Our darling Kate is thought of often, with joy more often these days, which is nice.  Tonight was Thanksgiving and she was missed.  I can only imagine how she would fit at our dinning room table.  Kyle and I spent some time talking about her this evening, and the truth is, had Katie lived we likely wouldn’t have the kids we have today, we wouldn’t live at this house, and even  our dining room table would be different too.  None the less, I like to imagine her as though she would have fit into this family,and this life.

October is Baby loss awareness month, October 15 is the international remembrance day for the same cause.

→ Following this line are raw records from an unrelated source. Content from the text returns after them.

lemma partial_rec_bind:
  assumes A: "partial_rec n A" and B: "partial_rec (Suc n) B"
  shows "partial_rec n (\<lambda>xs. case A xs of None \<Rightarrow> None | Some y \<Rightarrow> B (y # xs))"
proof -
  obtain ea where ea: "\<forall>xs. length xs = n \<longrightarrow> (\<forall>y. eval ea xs y \<longleftrightarrow> A xs = Some y)"
    using A unfolding partial_rec_def by blast
  obtain eb where eb: "\<forall>xs. length xs = Suc n \<longrightarrow> (\<forall>y. eval eb xs y \<longleftrightarrow> B xs = Some y)"
    using B unfolding partial_rec_def by blast
  show ?thesis unfolding partial_rec_def
  proof (intro exI[of _ "Cn eb (ea # map Id [0..<n])"] allI impI)
    fix z and xs :: "nat list" assume xs: "length xs = n"
    show "eval (Cn eb (ea # map Id [0..<n])) xs z = ((case A xs of None \<Rightarrow> None | Some y \<Rightarrow> B (y # xs)) = Some z)"
    proof
      assume "eval (Cn eb (ea # map Id [0..<n])) xs z"
      then obtain ys where "list_all2 (\<lambda>g y. eval g xs y) (ea # map Id [0..<n]) ys" "eval eb ys z"
        by (cases rule: eval.cases) auto
      then obtain y ys' where "ys = y # ys'" "eval ea xs y" "list_all2 (\<lambda>g y. eval g xs y) (map Id [0..<n]) ys'" "eval eb ys z"
        by (auto simp: list_all2_Cons1)
      moreover have "ys' = xs" using eval_proj_list_unique[OF xs] \<open>list_all2 (\<lambda>g y. eval g xs y) (map Id [0..<n]) ys'\<close> by auto
      ultimately show "(case A xs of None \<Rightarrow> None | Some y \<Rightarrow> B (y # xs)) = Some z"
        using ea eb xs by auto
    next
      assume "(case A xs of None \<Rightarrow> None | Some y \<Rightarrow> B (y # xs)) = Some z"
      then obtain y where y: "A xs = Some y" "B (y # xs) = Some z" by (auto split: option.splits)
      show "eval (Cn eb (ea # map Id [0..<n])) xs z"
        apply (rule eval_Cn[where ys = "y # xs"])
        using y ea eb xs eval_proj_list[OF xs] by auto
    qed
  qed
qed

lemma partial_rec_let:
  "partial_rec n A \<Longrightarrow> total_rec (Suc n) B \<Longrightarrow>
    partial_rec n (\<lambda>xs. case A xs of None \<Rightarrow> None | Some y \<Rightarrow> Some (B (y # xs)))"
  using partial_rec_bind[of n A "\<lambda>ys. Some (B ys)"] by (simp add: partial_rec_Some_iff)

lemmas rec_intros = total_rec_const total_rec_proj total_rec_Suc total_rec_plus total_rec_minus
  total_rec_times total_rec_if total_rec_prod_encode total_rec_fst_decode total_rec_snd_decode
  total_rec_triangle total_rec_min total_rec_max
  rec_pred_eq rec_pred_neq rec_pred_less rec_pred_le rec_pred_not rec_pred_conj rec_pred_disj

section \<open>Preimages and codes of finite-depth truncations of trees\<close>

definition pre1 :: "(nat \<Rightarrow> nat) \<Rightarrow> nat \<Rightarrow> nat" where
  "pre1 f x = (LEAST y. f y = x)"

definition pre2 :: "(nat \<Rightarrow> nat) \<Rightarrow> nat \<Rightarrow> nat" where
  "pre2 f x = (LEAST y. (branching f x = 2 \<and> f y = x \<and> y \<noteq> pre1 f x) \<or> (branching f x \<noteq> 2 \<and> y = pre1 f x))"

lemma preimage_cases:
  assumes "is_21_1 f"
  shows "(branching f x = 1 \<and> (\<exists>a. f -` {x} = {a})) \<or>
      (branching f x = 2 \<and> (\<exists>a b. a \<noteq> b \<and> f -` {x} = {a, b}))"
proof -
  have "card (f -` {x}) \<in> {1, 2}" using assms unfolding is_21_1_def by auto
  then show ?thesis unfolding branching_def
    by (auto simp: card_1_singleton_iff card_2_iff)
qed

lemma ex_preimage: "is_21_1 f \<Longrightarrow> \<exists>y. f y = x"
  using preimage_cases[of f x] by (metis insertI1 vimage_singleton_eq)

lemma f_pre1: "is_21_1 f \<Longrightarrow> f (pre1 f x) = x"
  unfolding pre1_def using ex_preimage by (rule LeastI_ex)

lemma pre2_ex: "is_21_1 f \<Longrightarrow>
    \<exists>y. (branching f x = 2 \<and> f y = x \<and> y \<noteq> pre1 f x) \<or> (branching f x \<noteq> 2 \<and> y = pre1 f x)"
proof -
  assume f: "is_21_1 f"
  show ?thesis
  proof (cases "branching f x = 2")
    case True
    then obtain a b where ab: "a \<noteq> b" "f -` {x} = {a, b}" using preimage_cases[OF f, of x] by auto
    have "f a = x" "f b = x" using ab by auto
    then show ?thesis using True ab(1) by (metis)
  qed auto
qed

lemma pre2_prop: "is_21_1 f \<Longrightarrow>
    (branching f x = 2 \<and> f (pre2 f x) = x \<and> pre2 f x \<noteq> pre1 f x) \<or> (branching f x \<noteq> 2 \<and> pre2 f x = pre1 f x)"
  unfolding pre2_def by (rule LeastI_ex) (rule pre2_ex)

lemma f_pre2: "is_21_1 f \<Longrightarrow> f (pre2 f x) = x"
  using pre2_prop[of f x] f_pre1[of f x] by auto

lemma pre2_eq_pre1: "is_21_1 f \<Longrightarrow> branching f x \<noteq> 2 \<Longrightarrow> pre2 f x = pre1 f x"
  using pre2_prop by blast

lemma pre2_neq_pre1: "is_21_1 f \<Longrightarrow> branching f x = 2 \<Longrightarrow> pre2 f x \<noteq> pre1 f x"
  using pre2_prop by blast

lemma preimage_eq: "is_21_1 f \<Longrightarrow> f -` {x} = {pre1 f x, pre2 f x}"
proof -
  assume f: "is_21_1 f"
  have p1: "pre1 f x \<in> f -` {x}" "pre2 f x \<in> f -` {x}" using f_pre1[OF f] f_pre2[OF f] by auto
  from preimage_cases[OF f, of x] show ?thesis
  proof
    assume "branching f x = 1 \<and> (\<exists>a. f -` {x} = {a})"
    then obtain a where a: "f -` {x} = {a}" by auto
    with p1 have "pre1 f x = a" "pre2 f x = a" by auto
    then show ?thesis using a by simp
  next
    assume a: "branching f x = 2 \<and> (\<exists>a b. a \<noteq> b \<and> f -` {x} = {a, b})"
    then have ne: "pre2 f x \<noteq> pre1 f x" using pre2_neq_pre1[OF f] by auto
    from a obtain a' b' where ab: "a' \<noteq> b'" "f -` {x} = {a', b'}" by auto
    have "{pre1 f x, pre2 f x} = f -` {x}"
      by (rule card_seteq) (use ab ne p1 in auto)
    then show ?thesis by simp
  qed
qed

lemma preimage_iff: "is_21_1 f \<Longrightarrow> f y = x \<longleftrightarrow> y = pre1 f x \<or> y = pre2 f x"
  using preimage_eq[of f x] by auto

text \<open>\<open>tree_code f x n\<close> codes the isomorphism type of \<open>Tree(x)\<close> cut off at depth \<open>n\<close>; taking
  \<open>min\<close> and \<open>max\<close> makes it independent of the order of the two preimages.\<close>

fun tree_code :: "(nat \<Rightarrow> nat) \<Rightarrow> nat \<Rightarrow> nat \<Rightarrow> nat" where
  "tree_code f x 0 = 0"
| "tree_code f x (Suc n) = Suc (prod_encode (branching f x,
      prod_encode (min (tree_code f (pre1 f x) n) (tree_code f (pre2 f x) n),
                   max (tree_code f (pre1 f x) n) (tree_code f (pre2 f x) n))))"

definition code_equiv :: "(nat \<Rightarrow> nat) \<Rightarrow> (nat \<Rightarrow> nat) \<Rightarrow> nat \<Rightarrow> nat \<Rightarrow> bool" where
  "code_equiv f g x y \<longleftrightarrow> (\<forall>n. tree_code f x n = tree_code g y n)"

lemma minmax_eq: "(min (a::nat) b = min c d \<and> max a b = max c d) \<longleftrightarrow> (a = c \<and> b = d) \<or> (a = d \<and> b = c)"
  by (auto simp: min_def max_def)

lemma tree_code_Suc_eq: "tree_code f x (Suc n) = tree_code g y (Suc n) \<longleftrightarrow> branching f x = branching g y \<and>
   ((tree_code f (pre1 f x) n = tree_code g (pre1 g y) n \<and> tree_code f (pre2 f x) n = tree_code g (pre2 g y) n) \<or>
    (tree_code f (pre1 f x) n = tree_code g (pre2 g y) n \<and> tree_code f (pre2 f x) n = tree_code g (pre1 g y) n))"
  by (simp add: minmax_eq[symmetric])

lemma tree_code_eq_Suc_imp: "tree_code f x (Suc n) = tree_code g y (Suc n) \<Longrightarrow> tree_code f x n = tree_code g y n"
proof (induction n arbitrary: x y)
  case 0 then show ?case by simp
next
  case (Suc n)
  then show ?case unfolding tree_code_Suc_eq[of f x "Suc n"] tree_code_Suc_eq[of f x n] by blast
qed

So I think of her more often this month.  When I log on to facebook about half the people I “converse” with have an emblem for the cause as their avatar.  In fact about 1/2 of my friends, maybe more, have lost a baby, it’s a strong connector.

So whether you’ve lost a baby to miscarriage, stillbirth or neonatal death, or you know someone who has, it is a day to remember all the tiny people who hardly had any time on this Earth.  If you are reading this I’m asking you to light a candle for Katie, whether you knew her or not:

Everyone is invited to light a candle on October 15th at 7pm in ALL TIME ZONES.

If everyone lights a candle at 7pm and keeps the candle burning for a least 1 hour, there will be a continuous WAVE OF LIGHT over the entire world on October 15th, Pregnancy and Infant Loss Remembrance Day.

For more information please visit http://www.october15th.com/

If you have lost a baby there is also a great site where you can post your picture as “The face of pregnancy and infant loss”  it also adds your baby(ies) name(s) to a wall of remembrance.  It is, of course, an American site with American stats, but is incredibly moving. http://www.iamtheface.org/

And hey if you are going to light, or lit a candle for Katie it would do my heart some good if you say so in the comments box.